We arrived at Georgia Perinatal Consultants one year ago feeling very nervous with a long list of very detailed questions for Dr. Trevett. I honestly thought he would encourage us not to have another baby, like most MFMs did after Lucy and again after Nora. Instead, Dr. Trevett was totally on board with our idea to try for another baby and he graciously answered all of our questions, then asked if we had any more. He was willing to try the new maternal blood test he had never heard of, he was willing to collaborate with Dr. Moise in Houston and he was on board with the treatment plan that we brought to him (which would have been his treatment plan anyway.) We left his office feeling courageous and confident in our decision to try for another baby and complete our family. I am so glad he said yes.
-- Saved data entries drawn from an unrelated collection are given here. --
(* Let $\alpha>0$, $\varepsilon>0$, and let $S_2$ be the feasible set produced by Phase B (after Phase A), before removing $S_2\cap D$. Then \[ \mathbb E[w(S_2\setminus D)]\ \ge\ (1-(1+1/\alpha)\varepsilon)\,\mathbb E[w(S_2)], \] where the expectation is over the random sampling in Phase A.
   Context: Setting. $V$ is a finite ground set of $n=|V|$ items arriving one at a time in a fixed stream order. $f:2^V\to\mathbb R_{\ge 0}$ is non-decreasing and submodular with $f(\emptyset)=0$; write $f(v\mid X)=f(X\cup\{v\})-f(X)$. $\mathcal M=\mathcal M_1\cap\dots\cap\mathcal M_p$ is the intersection of $p$ matroids $\mathcal M_1,\dots,\mathcal M_p$ on $V$ (a "$p$-matroid"); a set is feasible if it lies in $\mathcal M$; the rank is $r=\max_{S\in\mathcal M}|S|$. $d\ge 0$ is an integer and $D\subseteq V$ is a deletion set with $|D|\le d$, fixed in advance and independent of the algorithm's random bits (static adversary). Weights. Items receive a weight $w(v)\ge 0$ when processed, as specified below; for a set $S$, $w(S)=\sum_{u\in S}w(u)$ (with $w(\emptyset)=0$). Exchange$(v,I)$: for each $j\in[p]$ with $I\cup\{v\}\notin\mathcal M_j$, let $u_j\in\arg\min\{w(u): u\in I,\ (I\cup\{v\})\setminus\{u\}\in\mathcal M_j\}$; return the set $\{u_j\}$ of these items (empty if $I\cup\{v\}\in\mathcal M$). Phase A (streaming, parameters $\varepsilon,\alpha>0$): initialize $I=\emptyset$, $C=\emptyset$. For each arriving item $v'$ of $V$ in stream order: (1) $C\gets C\cup\{v'\}$; (2) $C\gets\{v\in C: f(v\mid I)\ge (1+\alpha)\,w(\mathrm{Exchange}(v,I))\}$; (3) if $|C|\ge d/\varepsilon$, sample one item $v\in C$ at random with probability proportional to $1/f(v\mid I)$, set $w(v)=f(v\mid I)$, and set $I\gets (I\cup\{v\})\setminus \mathrm{Exchange}(v,I)$. At the end output $S_1:=I$ and the buffer $C$. The coreset is $R=S_1\cup C$. Phase B (after deletions, parameter $\alpha$): start with $I=S_1$. For each $v\in C\setminus D$: set $w(v)=f(v\mid I)$, $S=\mathrm{Exchange}(v,I)$, and if $w(v)\ge(1+\alpha)w(S)$ set $I\gets(I\cup\{v\})\setminus S$. Let $S_2$ be the final $I$; output $\mathrm{ALG}=S_2\setminus D$. *)

theory Defs
  imports "HOL-Probability.Probability"
begin

definition marg :: "('a set \<Rightarrow> real) \<Rightarrow> 'a \<Rightarrow> 'a set \<Rightarrow> real" where
  "marg f v X = f (insert v X) - f X"

definition monotone_set_fun :: "'a set \<Rightarrow> ('a set \<Rightarrow> real) \<Rightarrow> bool" where
  "monotone_set_fun V f \<longleftrightarrow> (\<forall>A B. A \<subseteq> B \<and> B \<subseteq> V \<longrightarrow> f A \<le> f B)"

definition submodular :: "'a set \<Rightarrow> ('a set \<Rightarrow> real) \<Rightarrow> bool" where
  "submodular V f \<longleftrightarrow> (\<forall>A B v. A \<subseteq> B \<and> B \<subseteq> V \<and> v \<in> V - B \<longrightarrow> marg f v B \<le> marg f v A)"

definition matroid :: "'a set \<Rightarrow> ('a set \<Rightarrow> bool) \<Rightarrow> bool" where
  "matroid E ind \<longleftrightarrow> finite E \<and> ind {} \<and> (\<forall>A. ind A \<longrightarrow> A \<subseteq> E)
     \<and> (\<forall>A B. ind B \<and> A \<subseteq> B \<longrightarrow> ind A)
     \<and> (\<forall>A B. ind A \<and> ind B \<and> card A < card B \<longrightarrow> (\<exists>x\<in>B - A. ind (insert x A)))"

definition exch_cands :: "(nat \<Rightarrow> 'a set \<Rightarrow> bool) \<Rightarrow> nat \<Rightarrow> ('a \<Rightarrow> real) \<Rightarrow> 'a \<Rightarrow> 'a set \<Rightarrow> 'a set" where
  "exch_cands Ms j w v I = {u \<in> I. Ms j (insert v I - {u}) \<and>
      (\<forall>u'\<in>I. Ms j (insert v I - {u'}) \<longrightarrow> w u \<le> w u')}"

text \<open>The result is \<open>None\<close> iff for some violated matroid no valid exchange candidate exists
  (i.e. v can never be made feasible); such an item is never taken.\<close>
definition Exchange :: "nat \<Rightarrow> (nat \<Rightarrow> 'a set \<Rightarrow> bool) \<Rightarrow> ('a set \<Rightarrow> 'a) \<Rightarrow> ('a \<Rightarrow> real)
    \<Rightarrow> 'a \<Rightarrow> 'a set \<Rightarrow> 'a set option" where
  "Exchange p Ms sel w v I =
     (let J = {j. j < p \<and> \<not> Ms j (insert v I)} in
      if \<exists>j\<in>J. exch_cands Ms j w v I = {} then None
      else Some ((\<lambda>j. sel (exch_cands Ms j w v I)) ` J))"

definition keep :: "('a set \<Rightarrow> real) \<Rightarrow> nat \<Rightarrow> (nat \<Rightarrow> 'a set \<Rightarrow> bool) \<Rightarrow> ('a set \<Rightarrow> 'a)
    \<Rightarrow> real \<Rightarrow> ('a \<Rightarrow> real) \<Rightarrow> 'a set \<Rightarrow> 'a \<Rightarrow> bool" where
  "keep f p Ms sel \<alpha> w I v = (case Exchange p Ms sel w v I of
       None \<Rightarrow> False
     | Some S \<Rightarrow> marg f v I \<ge> (1 + \<alpha>) * sum w S)"

text \<open>If some items have
  \<open>g v = 0\<close> (weight \<open>1/0 = \<infinity>\<close>), sample uniformly among those (limit semantics).\<close>
definition sample_pmf :: "('a \<Rightarrow> real) \<Rightarrow> 'a set \<Rightarrow> 'a pmf" where
  "sample_pmf g C = (let Z = {v \<in> C. g v = 0} in
     if Z \<noteq> {} then pmf_of_set Z
     else embed_pmf (\<lambda>v. if v \<in> C then (1 / g v) / (\<Sum>u\<in>C. 1 / g u) else 0))"

type_synonym 'a stateA = "'a set \<times> 'a set \<times> ('a \<Rightarrow> real)"

definition phaseA_step :: "('a set \<Rightarrow> real) \<Rightarrow> nat \<Rightarrow> (nat \<Rightarrow> 'a set \<Rightarrow> bool) \<Rightarrow> ('a set \<Rightarrow> 'a)
    \<Rightarrow> real \<Rightarrow> real \<Rightarrow> nat \<Rightarrow> 'a \<Rightarrow> 'a stateA \<Rightarrow> 'a stateA pmf" where
  "phaseA_step f p Ms sel \<alpha> \<epsilon> d v' st = (case st of (I, C, w) \<Rightarrow>
     (let C1 = insert v' C;
          C2 = {v \<in> C1. keep f p Ms sel \<alpha> w I v}
      in if C2 \<noteq> {} \<and> real (card C2) \<ge> real d / \<epsilon> then
           map_pmf (\<lambda>v. ((I \<union> {v}) - the (Exchange p Ms sel w v I), C2 - {v}, w(v := marg f v I)))
                   (sample_pmf (\<lambda>v. marg f v I) C2)
         else return_pmf (I, C2, w)))"

fun phaseA_run :: "('a set \<Rightarrow> real) \<Rightarrow> nat \<Rightarrow> (nat \<Rightarrow> 'a set \<Rightarrow> bool) \<Rightarrow> ('a set \<Rightarrow> 'a)
    \<Rightarrow> real \<Rightarrow> real \<Rightarrow> nat \<Rightarrow> 'a list \<Rightarrow> 'a stateA \<Rightarrow> 'a stateA pmf" where
  "phaseA_run f p Ms sel \<alpha> \<epsilon> d [] st = return_pmf st"
| "phaseA_run f p Ms sel \<alpha> \<epsilon> d (x # xs) st =
     bind_pmf (phaseA_step f p Ms sel \<alpha> \<epsilon> d x st) (phaseA_run f p Ms sel \<alpha> \<epsilon> d xs)"

text \<open>Phase A on the stream \<open>xs\<close>, from \<open>I = {}\<close>, \<open>C = {}\<close>, no weights assigned (0).
  Outcome: (S_1, C, weights).\<close>
definition phaseA :: "('a set \<Rightarrow> real) \<Rightarrow> nat \<Rightarrow> (nat \<Rightarrow> 'a set \<Rightarrow> bool) \<Rightarrow> ('a set \<Rightarrow> 'a)
    \<Rightarrow> real \<Rightarrow> real \<Rightarrow> nat \<Rightarrow> 'a list \<Rightarrow> 'a stateA pmf" where
  "phaseA f p Ms sel \<alpha> \<epsilon> d xs = phaseA_run f p Ms sel \<alpha> \<epsilon> d xs ({}, {}, (\<lambda>_. 0))"

fun phaseB_run :: "('a set \<Rightarrow> real) \<Rightarrow> nat \<Rightarrow> (nat \<Rightarrow> 'a set \<Rightarrow> bool) \<Rightarrow> ('a set \<Rightarrow> 'a)
    \<Rightarrow> real \<Rightarrow> 'a list \<Rightarrow> 'a set \<times> ('a \<Rightarrow> real) \<Rightarrow> 'a set \<times> ('a \<Rightarrow> real)" where
  "phaseB_run f p Ms sel \<alpha> [] st = st"
| "phaseB_run f p Ms sel \<alpha> (v # vs) (I, w) =
     (let w' = w(v := marg f v I) in
      case Exchange p Ms sel w' v I of
        None \<Rightarrow> phaseB_run f p Ms sel \<alpha> vs (I, w')
      | Some S \<Rightarrow>
          (if w' v \<ge> (1 + \<alpha>) * sum w' S
           then phaseB_run f p Ms sel \<alpha> vs ((I \<union> {v}) - S, w')
           else phaseB_run f p Ms sel \<alpha> vs (I, w')))"

definition phaseB :: "('a set \<Rightarrow> real) \<Rightarrow> nat \<Rightarrow> (nat \<Rightarrow> 'a set \<Rightarrow> bool) \<Rightarrow> ('a set \<Rightarrow> 'a)
    \<Rightarrow> real \<Rightarrow> 'a list \<Rightarrow> 'a set \<Rightarrow> 'a stateA \<Rightarrow> 'a set \<times> ('a \<Rightarrow> real)" where
  "phaseB f p Ms sel \<alpha> xs D st = (case st of (S1, C, w) \<Rightarrow>
     phaseB_run f p Ms sel \<alpha> (filter (\<lambda>v. v \<in> C - D) xs) (S1, w))"

end

theory Submission imports Defs begin

text \<open>Two facts about Phase A drive the proof. First, an item enters the solution only if its new
  weight \<open>f(v|I)\<close> is at least \<open>(1 + \<alpha>)\<close> times the weight it evicts, so the total weight ever
  assigned stays within a factor \<open>1 + 1/\<alpha>\<close> of the weight of the current solution. Second, the
  potential \<open>\<epsilon> w(V) - w(D)\<close> is a submartingale: the item is drawn with probability proportional
  to \<open>1 / f(v|I)\<close>, so the expected increment is a positive multiple of \<open>\<epsilon> |C| - |C \<inter> D|\<close>,
  which is non-negative since \<open>|C| \<ge> d/\<epsilon>\<close>. Phase B never lowers the weight of the solution and
  never reweights items of \<open>S\<^sub>1\<close>, and every deleted item of \<open>S\<^sub>2\<close> lies in \<open>S\<^sub>1\<close>; hence
  \<open>w(S\<^sub>2 \<inter> D) \<le> w(D) \<le> \<epsilon> (1 + 1/\<alpha>) w(S\<^sub>2) - potential\<close>, and taking expectations finishes the proof.\<close>

lemma sum_fun_upd:
  fixes w :: "'a \<Rightarrow> real"
  assumes "finite A"
  shows "sum (w(x := c)) A = sum w A + (if x \<in> A then c - w x else 0)"
proof (cases "x \<in> A")
  case True
  have "sum (w(x := c)) A = c + sum (w(x := c)) (A - {x})"
    using sum.remove[OF assms True, of "w(x := c)"] by simp
  also have "sum (w(x := c)) (A - {x}) = sum w (A - {x})" by (rule sum.cong) auto
  also have "\<dots> = sum w A - w x" using assms True by (simp add: sum_diff1)
  finally show ?thesis using True by simp
next
  case False
  then show ?thesis by (auto intro: sum.cong)
qed

lemma sum_exchange:
  fixes w :: "'a \<Rightarrow> real"
  assumes "finite I" "S \<subseteq> I" "v \<notin> I"
  shows "sum (w(v := c)) (insert v I - S) = c + sum w I - sum w S"
proof -
  have "insert v I - S = insert v (I - S)" using assms(2,3) by auto
  then have "sum (w(v := c)) (insert v I - S) = sum w (insert v (I - S)) + c - w v"
    using sum_fun_upd[of "insert v (I - S)" w v c] assms(1) by simp
  then show ?thesis using assms by (simp add: sum_diff)
qed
When I look at the newest little love of my life I am amazed to think of all the many people who said yes. Without those yeses he would not be alive today. My very first yes came from God when I had that longing for another baby, for a sibling friend for Nora. God said yes, so I talked to Josh about it. Josh said yes, so we prayed about it together. God patiently said yes again and again with each fearful prayer. Next we asked Liam and Asher if they would be on board with another high risk pregnancy for Mommy. We laid out all of the suffering that might happen, the possibility of losing another baby, the time they would have to spend away from Mommy (but the possibility of another living baby too) and they jumped up and down and said, “Yes!” because they wanted another baby brother or sister so badly. Next, we asked our team of family members and friends who would have to help us get through the pregnancy and they all said yes. Dr. Moise and Dr. Trevett were next and they both said yes.
There were countless other yeses along the way. The many people who prayed for us along the way, the sweet friends (some we had never met face to face!) who let us stay in their homes when I had treatments and appointments in Atlanta. The people who said yes when we needed help with childcare or rides home from school, and the people who said yes to meals, groceries and medical advice. Today I am reminded of all the yeses that led to my sweet baby boy being here in my arms and my heart overflows with gratitude. Thank you to all of you who said yes and went out of your way to help our dream become reality.